What this task involves:
Lines in the records below that contain the word "fixes" must each be copied.

# # #

(* Consider a human–algorithm system (as defined in the context). If either $a_i\le h_i$ for all $i\in\{1,\dots,N\}$, or $a_i\ge h_i$ for all $i\in\{1,\dots,N\}$, then the system does not exhibit complementarity.
   Context: A human–algorithm system consists of: an integer $N\ge1$ (number of regimes); probabilities $p_1,\dots,p_N\ge 0$ with $\sum_i p_i=1$; algorithmic losses $a_1,\dots,a_N\ge 0$ and unaided-human losses $h_1,\dots,h_N\ge0$; and a combining function $c:[0,\infty)^2\to\mathbb{R}$ satisfying $\min(a,h)\le c(a,h)\le\max(a,h)$ for all $a,h\ge0$, where $c(a_i,h_i)$ is the loss of the combined system in regime $i$. Write $A=\sum_i p_i a_i$ and $H=\sum_i p_i h_i$. The system exhibits complementarity if $\sum_{i=1}^N p_i\,c(a_i,h_i)<\min(A,H)$. *)

theory Defs
  imports Main "HOL.Real"
begin

definition human_algorithm_system ::
  "nat \<Rightarrow> (nat \<Rightarrow> real) \<Rightarrow> (nat \<Rightarrow> real) \<Rightarrow> (nat \<Rightarrow> real) \<Rightarrow> (real \<Rightarrow> real \<Rightarrow> real) \<Rightarrow> bool"
where
  "human_algorithm_system N p a h c \<longleftrightarrow>
     N \<ge> 1 \<and>
     (\<forall>i\<in>{1..N}. p i \<ge> 0) \<and> (\<Sum>i=1..N. p i) = 1 \<and>
     (\<forall>i\<in>{1..N}. a i \<ge> 0) \<and> (\<forall>i\<in>{1..N}. h i \<ge> 0) \<and>
     (\<forall>x y. x \<ge> 0 \<longrightarrow> y \<ge> 0 \<longrightarrow> min x y \<le> c x y \<and> c x y \<le> max x y)"

definition exhibits_complementarity ::
  "nat \<Rightarrow> (nat \<Rightarrow> real) \<Rightarrow> (nat \<Rightarrow> real) \<Rightarrow> (nat \<Rightarrow> real) \<Rightarrow> (real \<Rightarrow> real \<Rightarrow> real) \<Rightarrow> bool"
where
  "exhibits_complementarity N p a h c \<longleftrightarrow>
     (\<Sum>i=1..N. p i * c (a i) (h i)) <
       min (\<Sum>i=1..N. p i * a i) (\<Sum>i=1..N. p i * h i)"

end

theory Submission
  imports Defs
begin

text \<open>The combined loss in each regime is at least the pointwise minimum of the two losses,
  so the combined expected loss is at least the expected pointwise minimum. If one of the two
  agents is better in every regime, that pointwise minimum is always attained by the same agent,
  and its expectation is exactly min A H.\<close>

lemma weighted_sum_mono:
  fixes p f g :: "'i \<Rightarrow> 'b::linordered_idom"
  assumes "\<And>i. i \<in> S \<Longrightarrow> p i \<ge> 0" and "\<And>i. i \<in> S \<Longrightarrow> f i \<le> g i"
  shows "(\<Sum>i\<in>S. p i * f i) \<le> (\<Sum>i\<in>S. p i * g i)"
  using assms by (intro sum_mono mult_left_mono) auto

lemma weighted_sum_min_eq_min_weighted_sum:
  fixes p a h :: "'i \<Rightarrow> 'b::linordered_idom"
  assumes p_nonneg: "\<And>i. i \<in> S \<Longrightarrow> p i \<ge> 0"
    and ordered: "(\<forall>i\<in>S. a i \<le> h i) \<or> (\<forall>i\<in>S. a i \<ge> h i)"
  shows "(\<Sum>i\<in>S. p i * min (a i) (h i)) = min (\<Sum>i\<in>S. p i * a i) (\<Sum>i\<in>S. p i * h i)"
  using ordered
proof
  assume le: "\<forall>i\<in>S. a i \<le> h i"
  then have "(\<Sum>i\<in>S. p i * a i) \<le> (\<Sum>i\<in>S. p i * h i)"
    using p_nonneg by (intro weighted_sum_mono) auto
  moreover have "(\<Sum>i\<in>S. p i * min (a i) (h i)) = (\<Sum>i\<in>S. p i * a i)"
    using le by (intro sum.cong) (auto simp: min.absorb1)
  ultimately show ?thesis by (simp add: min.absorb1)
next
  assume ge: "\<forall>i\<in>S. a i \<ge> h i"
  then have "(\<Sum>i\<in>S. p i * h i) \<le> (\<Sum>i\<in>S. p i * a i)"
    using p_nonneg by (intro weighted_sum_mono) auto
  moreover have "(\<Sum>i\<in>S. p i * min (a i) (h i)) = (\<Sum>i\<in>S. p i * h i)"
    using ge by (intro sum.cong) (auto simp: min.absorb2)
  ultimately show ?thesis by (simp add: min.absorb2)
qed

lemma weighted_min_loss_le_combined_loss:
  assumes "human_algorithm_system N p a h c"
  shows "(\<Sum>i=1..N. p i * min (a i) (h i)) \<le> (\<Sum>i=1..N. p i * c (a i) (h i))"
  using assms unfolding human_algorithm_system_def by (intro weighted_sum_mono) auto

theorem lemma3:
  fixes N :: nat and p a h :: "nat \<Rightarrow> real" and c :: "real \<Rightarrow> real \<Rightarrow> real"
  assumes "human_algorithm_system N p a h c"
    and "(\<forall>i\<in>{1..N}. a i \<le> h i) \<or> (\<forall>i\<in>{1..N}. a i \<ge> h i)"
  shows "\<not> exhibits_complementarity N p a h c"
proof -
  have "min (\<Sum>i=1..N. p i * a i) (\<Sum>i=1..N. p i * h i) = (\<Sum>i=1..N. p i * min (a i) (h i))"
    using assms unfolding human_algorithm_system_def
    by (intro weighted_sum_min_eq_min_weighted_sum[symmetric]) auto
  also have "\<dots> \<le> (\<Sum>i=1..N. p i * c (a i) (h i))"
    using weighted_min_loss_le_combined_loss[OF assms(1)] .
  finally show ?thesis unfolding exhibits_complementarity_def by linarith
qed

end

# # #

Answer box:
  fixes p f g :: "'i \<Rightarrow> 'b::linordered_idom"
  fixes p a h :: "'i \<Rightarrow> 'b::linordered_idom"
  fixes N :: nat and p a h :: "nat \<Rightarrow> real" and c :: "real \<Rightarrow> real \<Rightarrow> real"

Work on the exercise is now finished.